Stored data
(* Let $p$ be a prime, $R$ an $F$-pure ring of characteristic $p$, and $f\in R$ a non-zero non-unit. Let $d\ge1$ be an integer and $\alpha\in[0,1]$ with $(p^d-1)\alpha\in\mathbb{N}$. If the inclusion $R\cdot f^{\langle\alpha\rangle_d}\subseteq R^{1/p^d}$ splits over $R$, then the inclusion $R\cdot f^{\langle\alpha\rangle_{ed}}\subseteq R^{1/p^{ed}}$ splits over $R$ for every integer $e\ge1$.
   Context: A ring $R$ of characteristic $p$ is $F$-pure if $R\subseteq R^{1/p}$ splits as a map of $R$-modules. Roots and splitting. $R^{1/p^e}$ is the ring of formal $p^e$-th roots of elements of $R$, containing $R$ via $r\mapsto(r^{p^e})^{1/p^e}$. For $a\in\mathbb{N}$, $f^{a/p^e}:=(f^a)^{1/p^e}$. The inclusion $R\cdot t\subseteq R^{1/p^e}$ splits over $R$ if some $R$-linear $\theta:R^{1/p^e}\to R$ has $\theta(t)=1$. Truncations. For $\alpha\in(0,1]$ with non-terminating base $p$ expansion $\alpha=\sum_{e\ge1}a_e/p^e$ (digits $0\le a_e\le p-1$, not all eventually zero), $\langle\alpha\rangle_e:=\sum_{i=1}^e a_i/p^i\in\frac1{p^e}\mathbb{N}$. By convention $\langle0\rangle_e=0$. *)

theory Defs
  imports Complex_Main "HOL-Computational_Algebra.Primes"
begin

text \<open>R^{1/p^e} is the ring of formal p^e-th roots t^{1/p^e} (t in R); as an R-module
it is R itself with scalar action r . t^{1/p^e} = (r^{p^e} t)^{1/p^e}.
An R-linear map R^{1/p^e} -> R is thus an additive map theta on R with
theta (r^(p^e) * t) = r * theta t.  The inclusion R . t^{1/p^e} in R^{1/p^e}
splits iff such a theta satisfies theta t = 1.\<close>

definition root_splits :: "nat \<Rightarrow> nat \<Rightarrow> 'a::comm_ring_1 \<Rightarrow> bool" where
  "root_splits p e t \<longleftrightarrow>
     (\<exists>\<theta> :: 'a \<Rightarrow> 'a.
        (\<forall>x y. \<theta> (x + y) = \<theta> x + \<theta> y) \<and>
        (\<forall>r x. \<theta> (r ^ (p ^ e) * x) = r * \<theta> x) \<and>
        \<theta> t = 1)"

text \<open>F-pure: R in R^{1/p} splits, i.e. R . 1^{1/p} in R^{1/p} splits.\<close>
definition F_pure :: "nat \<Rightarrow> 'a::comm_ring_1 itself \<Rightarrow> bool" where
  "F_pure p _ \<longleftrightarrow> root_splits p 1 (1::'a)"

definition nonterm_expansion :: "nat \<Rightarrow> real \<Rightarrow> (nat \<Rightarrow> nat) \<Rightarrow> bool" where
  "nonterm_expansion p \<alpha> a \<longleftrightarrow>
     (\<forall>e\<ge>1. a e < p) \<and> (\<forall>N. \<exists>e>N. a e \<noteq> 0) \<and>
     (\<lambda>i. real (a (Suc i)) / real p ^ Suc i) sums \<alpha>"

text \<open>Numerator of the truncation: <alpha>_e = trunc_num p alpha e / p^e,
 with <0>_e = 0.\<close>
definition trunc_num :: "nat \<Rightarrow> real \<Rightarrow> nat \<Rightarrow> nat" where
  "trunc_num p \<alpha> e =
     (if \<alpha> = 0 then 0
      else (let a = (SOME a. nonterm_expansion p \<alpha> a)
            in \<Sum>i\<in>{1..e}. a i * p ^ (e - i)))"

definition trunc :: "nat \<Rightarrow> real \<Rightarrow> nat \<Rightarrow> real" where
  "trunc p \<alpha> e = real (trunc_num p \<alpha> e) / real p ^ e"

end

theory Submission
  imports Defs
begin

text \<open>Splittings compose: if \<open>\<theta>\<close> sends \<open>s\<close> to 1 and \<open>\<psi>\<close> sends \<open>t\<close> to 1, then
  \<open>\<psi> \<circ> \<theta>\<close> sends \<open>s \<cdot> t^(p^a)\<close> to 1; iterating, a splitting of \<open>t^(1/p^d)\<close> yields one of
  \<open>(t^(1 + p^d + \<dots> + p^((e-1)d)))^(1/p^(ed))\<close>. On the other side, the truncation numerator of the
  non-terminating expansion is \<open>\<lceil>p^k \<alpha>\<rceil> - 1\<close>. If \<open>(p^d - 1)\<alpha> = n\<close>, then
  \<open>p^(ed)\<alpha> = n(1 + p^d + \<dots> + p^((e-1)d)) + \<alpha>\<close> with \<open>0 < \<alpha> \<le> 1\<close>, so
  \<open>f^\<langle>\<alpha>\<rangle>_(ed)\<close> is exactly \<open>(f^n)^(1 + p^d + \<dots> + p^((e-1)d))\<close> taken to the \<open>p^(ed)\<close>-th root.\<close>

lemma root_splits_compose:
  fixes s t :: "'a::comm_ring_1"
  assumes "root_splits p a s" and "root_splits p b t"
  shows "root_splits p (a + b) (s * t ^ p ^ a)"
proof -
  obtain \<theta> where \<theta>: "\<forall>x y. \<theta> (x + y) = \<theta> x + \<theta> y" "\<forall>r x. \<theta> (r ^ p ^ a * x) = r * \<theta> x" "\<theta> s = 1"
    using assms(1) unfolding root_splits_def by blast
  obtain \<psi> where \<psi>: "\<forall>x y. \<psi> (x + y) = \<psi> x + \<psi> y" "\<forall>r x. \<psi> (r ^ p ^ b * x) = r * \<psi> x" "\<psi> t = 1"
    using assms(2) unfolding root_splits_def by blast
  have "r ^ p ^ (a + b) = (r ^ p ^ b) ^ p ^ a" for r :: 'a
    by (simp add: power_add power_mult[symmetric] mult.commute)
  moreover have "\<theta> (s * t ^ p ^ a) = t"
    using \<theta>(2,3) by (metis mult.commute mult.right_neutral)
  ultimately show ?thesis
    unfolding root_splits_def using \<theta> \<psi> by (intro exI[of _ "\<psi> \<circ> \<theta>"]) simp
qed

lemma root_splits_power_geometric_sum:
  fixes t :: "'a::comm_ring_1"
  assumes "root_splits p d t" and "e \<ge> 1"
  shows "root_splits p (e * d) (t ^ (\<Sum>j<e. (p ^ d) ^ j))"
  using assms(2)
proof (induction e rule: dec_induct)
  case base
  then show ?case using assms(1) by simp
next
  case (step e)
  have "t ^ (\<Sum>j<Suc e. (p ^ d) ^ j) = t * (t ^ (\<Sum>j<e. (p ^ d) ^ j)) ^ p ^ d"
    by (simp add: sum.lessThan_Suc_shift sum_distrib_left[symmetric] power_add
        power_mult[symmetric] mult.commute del: sum.lessThan_Suc)
  then show ?case
    using root_splits_compose[OF assms(1) step.IH] by (simp add: add.commute)
qed

lemma real_digit_sum_eq:
  assumes "p > 0"
  shows "real (\<Sum>i\<in>{1..k}. a i * p ^ (k - i))
           = real p ^ k * (\<Sum>i<k. real (a (Suc i)) / real p ^ Suc i)"
proof (induction k)
  case 0
  then show ?case by simp
next
  case (Suc k)
  have "(\<Sum>i\<in>{1..k}. a i * p ^ (Suc k - i)) = (\<Sum>i\<in>{1..k}. p * (a i * p ^ (k - i)))"
    by (rule sum.cong) (auto simp: Suc_diff_le)
  then have "(\<Sum>i\<in>{1..Suc k}. a i * p ^ (Suc k - i)) = p * (\<Sum>i\<in>{1..k}. a i * p ^ (k - i)) + a (Suc k)"
    by (simp add: sum_distrib_left)
  then show ?case
    using Suc assms by (simp add: field_simps)
qed

lemma nonterm_expansion_remainder_bounds:
  assumes E: "nonterm_expansion p \<alpha> a" and p: "p \<ge> 2"
  defines "g \<equiv> \<lambda>i. real (a (Suc i)) / real p ^ Suc i"
  shows "0 < \<alpha> - (\<Sum>i<k. g i)" and "\<alpha> - (\<Sum>i<k. g i) \<le> 1 / real p ^ k"
proof -
  have digit: "\<And>e. e \<ge> 1 \<Longrightarrow> a e < p" and nonterm: "\<And>N. \<exists>e>N. a e \<noteq> 0"
    and "g sums \<alpha>"
    using E unfolding nonterm_expansion_def g_def by auto
  from \<open>g sums \<alpha>\<close> have tail: "(\<lambda>i. g (i + k)) sums (\<alpha> - (\<Sum>i<k. g i))"
    by (rule sums_split_initial_segment)
  obtain e where "e > k" "a e \<noteq> 0"
    using nonterm by blast
  then have "a (Suc (e - Suc k + k)) \<noteq> 0"
    by simp
  then have "0 < g (e - Suc k + k)"
    using p unfolding g_def by simp
  moreover have "0 \<le> g i" for i
    unfolding g_def by simp
  ultimately have "0 < suminf (\<lambda>i. g (i + k))"
    using tail by (intro suminf_pos2[of _ "e - Suc k"]) (simp_all add: sums_iff)
  then show "0 < \<alpha> - (\<Sum>i<k. g i)"
    using tail by (simp add: sums_iff)
  define c where "c = (real p - 1) / real p ^ Suc k"
  have bound: "g (i + k) \<le> c * (1 / real p) ^ i" for i
  proof -
    have "real (a (Suc (i + k))) \<le> real p - 1"
      using digit[of "Suc (i + k)"] by linarith
    moreover have "real p ^ Suc (i + k) = real p ^ Suc k * real p ^ i"
      by (simp add: power_add)
    ultimately show ?thesis
      unfolding g_def c_def using p
      by (auto simp: mult.assoc power_one_over intro!: divide_right_mono)
  qed
  have geometric: "(\<lambda>i. c * (1 / real p) ^ i) sums (c * (1 / (1 - 1 / real p)))"
    using p by (intro sums_mult geometric_sums) auto
  have "\<alpha> - (\<Sum>i<k. g i) \<le> c * (1 / (1 - 1 / real p))"
    using bound by (rule sums_le[OF _ tail geometric])
  also have "\<dots> = 1 / real p ^ k"
    unfolding c_def using p by (simp add: field_simps)
  finally show "\<alpha> - (\<Sum>i<k. g i) \<le> 1 / real p ^ k" .
qed

lemma ceiling_mult_bounds:
  fixes x :: real
  assumes "p > 0"
  shows "int p * \<lceil>x\<rceil> - int p < \<lceil>real p * x\<rceil>" and "\<lceil>real p * x\<rceil> \<le> int p * \<lceil>x\<rceil>"
proof -
  have "real p * (of_int \<lceil>x\<rceil> - 1) < real p * x"
    using assms by (intro mult_strict_left_mono) linarith+
  also have "\<dots> \<le> of_int \<lceil>real p * x\<rceil>"
    by (rule le_of_int_ceiling)
  finally have "real_of_int (int p * \<lceil>x\<rceil> - int p) < of_int \<lceil>real p * x\<rceil>"
    by (simp add: algebra_simps)
  then show "int p * \<lceil>x\<rceil> - int p < \<lceil>real p * x\<rceil>"
    by (simp only: of_int_less_iff)
  have "real p * x \<le> real p * of_int \<lceil>x\<rceil>"
    by (simp add: mult_left_mono)
  then show "\<lceil>real p * x\<rceil> \<le> int p * \<lceil>x\<rceil>"
    by (simp add: ceiling_le_iff)
qed

lemma sums_not_eventually_zero:
  fixes g :: "nat \<Rightarrow> real"
  assumes "g sums s" and "\<And>k. (\<Sum>i<k. g i) < s"
  shows "\<exists>i>N. g i \<noteq> 0"
proof (rule ccontr)
  assume "\<not> (\<exists>i>N. g i \<noteq> 0)"
  then have "(\<lambda>i. g (i + Suc N)) = (\<lambda>i. 0)"
    by auto
  moreover have "(\<lambda>i. g (i + Suc N)) sums (s - (\<Sum>i<Suc N. g i))"
    using assms(1) by (rule sums_split_initial_segment)
  ultimately have "s - (\<Sum>i<Suc N. g i) = 0"
    using sums_zero sums_unique2 by metis
  then show False
    using assms(2)[of "Suc N"] by simp
qed

lemma nonterm_expansion_exists:
  assumes "0 < \<alpha>" and "\<alpha> \<le> 1" and p: "p \<ge> 2"
  shows "\<exists>a. nonterm_expansion p \<alpha> a"
proof -
  define c :: "nat \<Rightarrow> int" where "c i = \<lceil>real p ^ i * \<alpha>\<rceil> - 1" for i
  define a where "a i = (if i = 0 then 0 else nat (c i - int p * c (i - 1)))" for i
  define g where "g i = real (a (Suc i)) / real p ^ Suc i" for i
  have c_bounds: "of_int (c i) < real p ^ i * \<alpha>" "real p ^ i * \<alpha> \<le> of_int (c i) + 1" for i
    unfolding c_def by linarith+
  have "c 0 = 0"
    unfolding c_def using assms by (simp add: ceiling_eq_iff)
  have digit: "0 \<le> c (Suc i) - int p * c i \<and> c (Suc i) - int p * c i < int p" for i
    using ceiling_mult_bounds[of p "real p ^ i * \<alpha>"] p
    unfolding c_def by (simp add: mult.assoc algebra_simps)
  have partial: "(\<Sum>i<k. g i) = of_int (c k) / real p ^ k" for k
  proof (induction k)
    case 0
    then show ?case using \<open>c 0 = 0\<close> by simp
  next
    case (Suc k)
    have "real (a (Suc k)) = of_int (c (Suc k) - int p * c k)"
      unfolding a_def using digit[of k] by simp
    then show ?case
      using Suc p by (simp add: g_def field_simps)
  qed
  have p_pow: "real p ^ k > 0" for k
    using p by simp
  have below: "(\<Sum>i<k. g i) < \<alpha>" for k
    using c_bounds(1)[of k] p_pow[of k] by (simp add: partial pos_divide_less_eq mult.commute)
  have above: "\<alpha> - (1 / real p) ^ k \<le> (\<Sum>i<k. g i)" for k
  proof -
    have "(real p ^ k * \<alpha> - 1) / real p ^ k \<le> of_int (c k) / real p ^ k"
      using c_bounds(2)[of k] p_pow[of k] by (intro divide_right_mono) auto
    then show ?thesis
      using p_pow[of k] p by (simp add: partial power_one_over diff_divide_distrib)
  qed
  have "(\<lambda>k. (1 / real p) ^ k) \<longlonglongrightarrow> 0"
    using p by (intro LIMSEQ_power_zero) auto
  then have "(\<lambda>k. \<alpha> - (1 / real p) ^ k) \<longlonglongrightarrow> \<alpha> - 0"
    by (intro tendsto_diff tendsto_const)
  moreover have "\<forall>\<^sub>F k in sequentially. \<alpha> - (1 / real p) ^ k \<le> (\<Sum>i<k. g i)"
    using above by (intro always_eventually allI)
  moreover have "\<forall>\<^sub>F k in sequentially. (\<Sum>i<k. g i) \<le> \<alpha>"
    using below by (intro always_eventually allI less_imp_le)
  ultimately have "(\<lambda>k. \<Sum>i<k. g i) \<longlonglongrightarrow> \<alpha>"
    using real_tendsto_sandwich[OF _ _ _ tendsto_const] by simp
  then have "g sums \<alpha>"
    unfolding sums_def .
  moreover have "\<exists>e>N. a e \<noteq> 0" for N
  proof -
    obtain i where "i > N" "g i \<noteq> 0"
      using sums_not_eventually_zero[OF \<open>g sums \<alpha>\<close> below] by blast
    then show ?thesis
      unfolding g_def by (intro exI[of _ "Suc i"]) auto
  qed
  moreover have "a e < p" if "e \<ge> 1" for e
    using that digit[of "e - 1"] unfolding a_def by (simp add: nat_less_iff)
  ultimately show ?thesis
    unfolding nonterm_expansion_def g_def by blast
qed

lemma trunc_num_bounds:
  assumes "0 < \<alpha>" and "\<alpha> \<le> 1" and p: "p \<ge> 2"
  shows "real (trunc_num p \<alpha> k) < real p ^ k * \<alpha>"
    and "real p ^ k * \<alpha> \<le> real (trunc_num p \<alpha> k) + 1"
proof -
  define a where "a = (SOME a. nonterm_expansion p \<alpha> a)"
  have E: "nonterm_expansion p \<alpha> a"
    unfolding a_def using nonterm_expansion_exists[OF assms] by (rule someI_ex)
  have "trunc_num p \<alpha> k = (\<Sum>i\<in>{1..k}. a i * p ^ (k - i))"
    unfolding trunc_num_def a_def using assms by (simp add: Let_def)
  then have "real (trunc_num p \<alpha> k) = real p ^ k * (\<Sum>i<k. real (a (Suc i)) / real p ^ Suc i)"
    using p by (simp only: real_digit_sum_eq)
  moreover have "real p ^ k > 0"
    using p by simp
  ultimately show "real (trunc_num p \<alpha> k) < real p ^ k * \<alpha>"
    and "real p ^ k * \<alpha> \<le> real (trunc_num p \<alpha> k) + 1"
    using nonterm_expansion_remainder_bounds[OF E p, of k]
    by (simp_all add: right_diff_distrib pos_le_divide_eq mult.commute)
qed

lemma trunc_num_eq_of_fixed_point:
  assumes "0 \<le> \<alpha>" and "\<alpha> \<le> 1" and "p \<ge> 2"
    and K: "(real p ^ k - 1) * \<alpha> = real K"
  shows "trunc_num p \<alpha> k = K"
proof (cases "\<alpha> = 0")
  case True
  then show ?thesis
    using K by (simp add: trunc_num_def)
next
  case False
  then have "0 < \<alpha>"
    using assms(1) by simp
  moreover have "real p ^ k * \<alpha> = real K + \<alpha>"
    using K by (simp add: algebra_simps)
  ultimately show ?thesis
    using trunc_num_bounds[of \<alpha> p k] assms(2,3) by simp
qed

lemma trunc_num_mult_eq:
  assumes "0 \<le> \<alpha>" and "\<alpha> \<le> 1" and "p \<ge> 2"
    and n: "(real p ^ d - 1) * \<alpha> = real n"
  shows "trunc_num p \<alpha> (e * d) = n * (\<Sum>j<e. (p ^ d) ^ j)"
proof (rule trunc_num_eq_of_fixed_point[OF assms(1-3)])
  have "(real p ^ (e * d) - 1) * \<alpha> = (real p ^ d - 1) * \<alpha> * (\<Sum>j<e. (real p ^ d) ^ j)"
    by (simp add: power_mult mult.commute power_diff_1_eq)
  then show "(real p ^ (e * d) - 1) * \<alpha> = real (n * (\<Sum>j<e. (p ^ d) ^ j))"
    using n by simp
qed

theorem mainTheorem8:
  fixes f :: "'a::comm_ring_1" and p d :: nat and \<alpha> :: real
  assumes "prime p"
    and "CHAR('a) = p"
    and "F_pure p TYPE('a)"
    and "f \<noteq> 0" and "\<not> f dvd 1"
    and "d \<ge> 1"
    and "0 \<le> \<alpha>" and "\<alpha> \<le> 1"
    and "\<exists>n::nat. (real p ^ d - 1) * \<alpha> = real n"
    and "root_splits p d (f ^ trunc_num p \<alpha> d)"
  shows "\<forall>e::nat. e \<ge> 1 \<longrightarrow> root_splits p (e * d) (f ^ trunc_num p \<alpha> (e * d))"
proof (intro allI impI)
  fix e :: nat
  assume "e \<ge> 1"
  have p: "p \<ge> 2"
    using \<open>prime p\<close> by (simp add: prime_ge_2_nat)
  obtain n :: nat where n: "(real p ^ d - 1) * \<alpha> = real n"
    using assms(9) by blast
  have trunc: "trunc_num p \<alpha> (k * d) = n * (\<Sum>j<k. (p ^ d) ^ j)" for k
    using trunc_num_mult_eq[OF assms(7,8) p n] .
  have "root_splits p d (f ^ n)"
    using assms(10) trunc[of 1] by simp
  then have "root_splits p (e * d) ((f ^ n) ^ (\<Sum>j<e. (p ^ d) ^ j))"
    using \<open>e \<ge> 1\<close> by (rule root_splits_power_geometric_sum)
  then show "root_splits p (e * d) (f ^ trunc_num p \<alpha> (e * d))"
    by (simp add: trunc power_mult)
qed

end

PROBLEM TO WORK ON
Look over the entries above. Copy every line that contains the word "assoc".

TASK SOLUTION
      by (auto simp: mult.assoc power_one_over intro!: divide_right_mono)
    unfolding c_def by (simp add: mult.assoc algebra_simps)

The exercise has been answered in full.